更新时间:2014-03-11
苏穆也从椅子上跳了下来,抬头一看,只见一个醉醺醺的老者,跌跌撞撞的从外面进来了。
老者一身的酒气,神色颓丧,那副大醉的模样,不知道是喝了多久的酒了。
“咦?家里居然还有人来?”老者呵呵笑着,指着模糊视线之中那个小小的身影,不停的摇晃着说道:“穆家都已经落败成这样了,居然还有人愿意来做客?真是稀奇啊稀奇!我穆家,居然还会有人来!”
“爷爷好!”苏穆神色淡然的跟穆老爷子打招呼。
“爷爷?”穆老爷子眼神一阵晃动,他站在原地,怔忪了半天,才缓缓的说道:“这个称呼,好遥远了!”
穆老爷子转身跌跌撞撞的又走了,穆夫人长长叹息一声,转身对苏穆说道:“别管他了,天天都喝成这样。自从穆家衰败了,他就变成这样了!也许这就是命啊!强求不来,躲不掉的命!来,苏穆,我们坐下吃饭吧!”

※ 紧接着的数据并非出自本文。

lemma scalar_prod_self_pos:
  fixes x :: "real vec"
  assumes x: "x \<in> carrier_vec d" and "x \<noteq> 0\<^sub>v d"
  shows "0 < x \<bullet> x"
proof -
  obtain i where i: "i < d" "x $ i \<noteq> 0"
    using assms by (metis eq_vecI carrier_vecD index_zero_vec)
  then have "0 < (x $ i)\<^sup>2" by simp
  also have "\<dots> \<le> (\<Sum>i<d. (x $ i)\<^sup>2)" by (rule member_le_sum) (use i in auto)
  finally show ?thesis using x by (simp add: scalar_prod_self_eq_sum_squares)
qed

lemma scalar_prod_self_mono:
  fixes x y :: "real vec"
  assumes "x \<in> carrier_vec d" "y \<in> carrier_vec d" and "\<And>i. i < d \<Longrightarrow> \<bar>x $ i\<bar> \<le> y $ i"
  shows "x \<bullet> x \<le> y \<bullet> y"
proof -
  have "(x $ i)\<^sup>2 \<le> (y $ i)\<^sup>2" if "i < d" for i
    using power_mono[OF assms(3)[OF that] abs_ge_zero, of 2] by simp
  then show ?thesis
    unfolding scalar_prod_self_eq_sum_squares[OF assms(1)] scalar_prod_self_eq_sum_squares[OF assms(2)]
    by (intro sum_mono) auto
qed

lemma scalar_prod_add_smult_self:
  fixes x y :: "real vec"
  assumes "x \<in> carrier_vec d" "y \<in> carrier_vec d"
  shows "(x + t \<cdot>\<^sub>v y) \<bullet> (x + t \<cdot>\<^sub>v y) = x \<bullet> x + 2 * t * (x \<bullet> y) + t\<^sup>2 * (y \<bullet> y)"
proof -
  have "(x + t \<cdot>\<^sub>v y) \<bullet> (x + t \<cdot>\<^sub>v y) = (\<Sum>i<d. x$i*x$i + 2*t*(x$i*y$i) + t\<^sup>2*(y$i*y$i))"
    using assms by (simp add: scalar_prod_eq_sum[of _ d] algebra_simps power2_eq_square)
  then show ?thesis
    using assms by (simp add: scalar_prod_eq_sum[of _ d] sum.distrib sum_distrib_left)
qed

lemma less_eq_vec_iff:
  "x \<in> carrier_vec d \<Longrightarrow> y \<in> carrier_vec d \<Longrightarrow> x \<le> y \<longleftrightarrow> (\<forall>i<d. x $ i \<le> y $ i)"
  by (simp add: less_eq_vec_def)

lemma nonneg_vec_iff: "v \<in> carrier_vec d \<Longrightarrow> nonneg_vec v \<longleftrightarrow> 0\<^sub>v d \<le> v"
  by (simp add: nonneg_vec_def less_eq_vec_def)

lemma nonneg_matD: "nonneg_mat P \<Longrightarrow> P \<in> carrier_mat n m \<Longrightarrow> i < n \<Longrightarrow> j < m \<Longrightarrow> 0 \<le> P $$ (i,j)"
  by (simp add: nonneg_mat_def)

lemma smult_vec_mono: "0 \<le> c \<Longrightarrow> x \<le> y \<Longrightarrow> c \<cdot>\<^sub>v x \<le> c \<cdot>\<^sub>v (y :: real vec)"
  by (auto simp: less_eq_vec_def mult_left_mono)

lemma smult_mat_mult_vec:
  "A \<in> carrier_mat n m \<Longrightarrow> v \<in> carrier_vec m \<Longrightarrow> (k \<cdot>\<^sub>m A) *\<^sub>v v = k \<cdot>\<^sub>v (A *\<^sub>v v)"
  by (intro eq_vecI) (auto simp: scalar_prod_def sum_distrib_left ac_simps)

lemma mult_mat_vec_uminus:
  fixes P :: "'a :: comm_ring mat"
  shows "P \<in> carrier_mat n m \<Longrightarrow> v \<in> carrier_vec m \<Longrightarrow> P *\<^sub>v (- v) = - (P *\<^sub>v v)"
  by (intro eq_vecI) auto

lemma mult_mat_vec_zero:
  fixes P :: "'a :: comm_ring mat"
  shows "P \<in> carrier_mat n m \<Longrightarrow> P *\<^sub>v 0\<^sub>v m = 0\<^sub>v n"
  by (intro eq_vecI) auto

section \<open>The Rayleigh quotient of a Gram matrix\<close>

text \<open>Vectors of \<open>\<real>\<^sup>d\<close> are modelled here as functions \<open>nat \<Rightarrow> real\<close> vanishing from \<open>d\<close> on,
  so that compactness of the unit sphere follows from Tychonoff in the product topology.\<close>
lemma continuous_attains_min_on_unit_sphere:
  fixes Q :: "(nat \<Rightarrow> real) \<Rightarrow> real"
  assumes Qc: "continuous_on UNIV Q" and d: "d > 0"
  obtains x where "\<forall>i\<ge>d. x i = 0" "(\<Sum>i<d. (x i)\<^sup>2) = 1"
    "\<And>y. \<forall>i\<ge>d. y i = 0 \<Longrightarrow> (\<Sum>i<d. (y i)\<^sup>2) = 1 \<Longrightarrow> Q x \<le> Q y"
proof -
  define K where "K = PiE UNIV (\<lambda>i::nat. if i < d then {-1..1::real} else {0})"
  have "compactin (product_topology (\<lambda>_. euclidean) UNIV) K"
    unfolding K_def compactin_PiE by auto
  then have "compact K" by (simp add: euclidean_product_topology)
  define S where "S = K \<inter> {y. (\<Sum>i<d. (y i)\<^sup>2) = 1}"
  have "continuous_on UNIV (\<lambda>y::nat\<Rightarrow>real. \<Sum>i<d. (y i)\<^sup>2)"
    by (intro continuous_on_sum continuous_on_power continuous_on_product_coordinates)
  then have "closed {y::nat\<Rightarrow>real. (\<Sum>i<d. (y i)\<^sup>2) = 1}"
    by (rule closed_Collect_eq[OF _ continuous_on_const])
  with \<open>compact K\<close> have "compact S" unfolding S_def by (rule compact_Int_closed)
  have in_S: "y \<in> S" if "\<forall>i\<ge>d. y i = 0" "(\<Sum>i<d. (y i)\<^sup>2) = 1" for y
  proof -
    have "\<bar>y i\<bar> \<le> 1" if i: "i < d" for i
    proof -
      have "(y i)\<^sup>2 \<le> (\<Sum>i<d. (y i)\<^sup>2)" by (rule member_le_sum) (use i in auto)
      then show ?thesis using \<open>(\<Sum>i<d. (y i)\<^sup>2) = 1\<close> abs_le_square_iff[of "y i" 1] by simp
    qed
    then show ?thesis using that unfolding S_def K_def by (auto simp: PiE_iff abs_le_iff)
  qed
  have "(\<Sum>i<d. (if i = 0 then 1 else 0::real)\<^sup>2) = 1"
    using d by (simp add: if_distrib[of "\<lambda>x. x\<^sup>2"] cong: if_cong)
  then have "S \<noteq> {}" using in_S[of "\<lambda>i. if i = 0 then 1 else 0"] d by auto
  from continuous_attains_inf[OF \<open>compact S\<close> this continuous_on_subset[OF Qc]]
  obtain x where x: "x \<in> S" "\<forall>y\<in>S. Q x \<le> Q y" by auto
  have "x i = 0" if "i \<ge> d" for i
  proof -
    have "x i \<in> (if i < d then {-1..1} else {0})" using x(1) unfolding S_def K_def by blast
    then show ?thesis using that by simp
  qed
  then show ?thesis using that x in_S unfolding S_def by blast
qed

苏穆回头看了一眼跌跌撞撞回来了又走掉的穆老爷子,不知道为什么,心底升起一种难言的凄凉。
坐在屋顶的苏雨夜跟陈梓良对视一眼,都在心底轻轻叹息啊!
大家都是曾经在天华国帝都繁华一时的家族,袁家和穆家,一个在政治上叱咤风云,一个在商场远近无敌。可是,最终都落得了这样的下场。
真是花无百日红,人无千日好啊!
看着穆宅的落败,想想袁家的兴衰荣辱,心底突然多了些的感慨。
“这穆家也曾经是那么的显耀一时,没想到最后却是落的了这样的境地!”陈梓良长叹一声说道:“在当时,穆宅,可是除了政界显要之外为数不多可以风光叱咤的宅邸啊!”

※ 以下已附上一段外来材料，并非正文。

lemma tree_less:
  assumes a: "a \<ge> 0" and z: "z \<in> abel_domain a"
  shows "a * tree a z < 1"
proof (cases "z \<le> 0")
  case True
  then have "tree a z \<le> 0"
    by (subst tree_eq[OF assms]) (simp add: mult_nonpos_nonneg)
  then show ?thesis
    using a mult_nonneg_nonpos[of a "tree a z"] by linarith
next
  case False
  have sub: "{0..z} \<subseteq> abel_domain a"
  proof
    fix t assume "t \<in> {0..z}"
    then have "\<bar>t\<bar> * (a * exp 1) \<le> \<bar>z\<bar> * (a * exp 1)"
      using a by (intro mult_right_mono) auto
    then show "t \<in> abel_domain a"
      using z by (simp add: abel_domain_def mult.assoc)
  qed
  show ?thesis
  proof (rule ccontr)
    assume "\<not> a * tree a z < 1"
    moreover have "a * tree a 0 \<le> 1"
      using tree_eq[OF a abel_domain_0] by simp
    moreover have "continuous_on {0..z} (\<lambda>t. a * tree a t)"
      using continuous_on_tree[OF a sub] by (intro continuous_intros)
    ultimately obtain t where t: "0 \<le> t" "t \<le> z" "a * tree a t = 1"
      using IVT'[of "\<lambda>t. a * tree a t" 0 1 z] False by auto
    then have t_dom: "t \<in> abel_domain a"
      using sub by auto
    have "a * tree a t = a * t * exp (a * tree a t)"
      by (subst tree_eq[OF a t_dom]) (simp add: mult.assoc)
    then have "a * t * exp 1 = 1"
      using t(3) by simp
    then show False
      using t_dom t(1) by (simp add: abel_domain_def mult_ac)
  qed
qed

lemma exp_minus_in_abel_domain:
  assumes "0 \<le> a" and "a < 1"
  shows "exp (- a) \<in> abel_domain a"
  using mult_exp_minus_strict_mono[of a 1] assms
  by (simp add: abel_domain_def exp_minus field_simps)

lemma mult_exp_minus_inj:
  fixes u v :: real
  assumes "0 \<le> u" "u \<le> 1" "0 \<le> v" "v \<le> 1" and "u * exp (- u) = v * exp (- v)"
  shows "u = v"
  using mult_exp_minus_strict_mono[of u v] mult_exp_minus_strict_mono[of v u] assms
  by (cases u v rule: linorder_cases) auto

text \<open>At z = e^(-a) the equation T = z e^(a T) reads (a T) e^(-a T) = a e^(-a), and a T < 1.\<close>
lemma tree_exp_minus:
  assumes a: "0 \<le> a" "a < 1"
  shows "tree a (exp (- a)) = 1"
proof -
  define T where "T = tree a (exp (- a))"
  note z = exp_minus_in_abel_domain[OF a]
  have T_eq: "T = exp (- a) * exp (a * T)"
    unfolding T_def by (rule tree_eq[OF a(1) z])
  have "T = 1"
  proof (cases "a = 0")
    case False
    have "0 \<le> T"
      using T_eq by (metis exp_gt_zero mult_pos_pos less_imp_le)
    then have aT: "0 \<le> a * T" "a * T \<le> 1"
      using tree_less[OF a(1) z] a(1) unfolding T_def[symmetric] by simp_all
    have "(a * T) * exp (- (a * T)) = a * exp (- a)"
      using T_eq by (simp add: exp_minus field_simps)
    from mult_exp_minus_inj[OF aT _ _ this] have "a * T = a"
      using a by linarith
    then show ?thesis
      using False by simp
  qed (use T_eq in simp)
  then show ?thesis
    by (simp add: T_def)
qed

lemma has_real_derivative_tree_monomial:
  assumes "a * t \<noteq> 1"
  shows "((\<lambda>t. t ^ k * (1 / (1 - a * t)) ^ l) has_real_derivative
           real k * t ^ (k - 1) * (1 / (1 - a * t)) ^ l + a * real l * t ^ k * (1 / (1 - a * t)) ^ (l + 1)) (at t)"
proof -
  have "((\<lambda>t. 1 / (1 - a * t)) has_real_derivative a * (1 / (1 - a * t)) ^ 2) (at t)"
    using assms by (auto intro!: derivative_eq_intros simp: power2_eq_square field_simps)
  from DERIV_mult[OF DERIV_pow[of k t] DERIV_power[OF this, of l]] show ?thesis
    by (cases l) (simp_all add: algebra_simps power2_eq_square)
qed

text \<open>A list of triples (b, k, l) represents the function \<Sum> b t^k / (1 - a t)^l of the tree variable t.
  tree_poly_step represents P \<mapsto> (P' + y P) t / (1 - a t) + m P, which is what z d/dz + m does
  to P (T(z)) e^(y T(z)), since z T'(z) = T / (1 - a T).\<close>
definition tree_poly_eval :: "real \<Rightarrow> (real \<times> nat \<times> nat) list \<Rightarrow> real \<Rightarrow> real" where
  "tree_poly_eval a cs t = (\<Sum>(b, k, l)\<leftarrow>cs. b * (t ^ k * (1 / (1 - a * t)) ^ l))"

definition tree_poly_deriv :: "real \<Rightarrow> (real \<times> nat \<times> nat) list \<Rightarrow> (real \<times> nat \<times> nat) list" where
  "tree_poly_deriv a cs = concat (map (\<lambda>(b, k, l). [(b * real k, k - 1, l), (b * a * real l, k, l + 1)]) cs)"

“穆家以前是做什么的?”苏雨夜转头问陈梓良,陈梓良曾经在帝都呆了很久,他对帝都的情况可以说是了如指掌。
“丝绸,粮食,矿产,等等等等。”陈梓良抱着手臂说道:“可以这样说,在穆宅最显赫的时候,帝都有一半的产业,都有穆家的影子。只是没想到,这才短短几年的时间,就竟然落败到如此的田地!也难怪穆家这么大的家业如今四散成如此凋零的人口,也难怪穆老爷子成天借酒消愁了!这两个伺候着的婆子八成是穆老夫人当初陪嫁过来的丫头,这才不离不弃一直跟在左右,曾经的那些繁华散去,倒是能看的清楚谁才是真心谁是虚情假意了吧?”
“没想到你的感慨比我都多啊!”苏雨夜歪着头看着陈梓良。
陈梓良耸耸肩膀,转头看着苏雨夜:“其实你的心底何尝不是如此的感慨呢?袁家的衰败荣辱,你比任何人的感触都深!”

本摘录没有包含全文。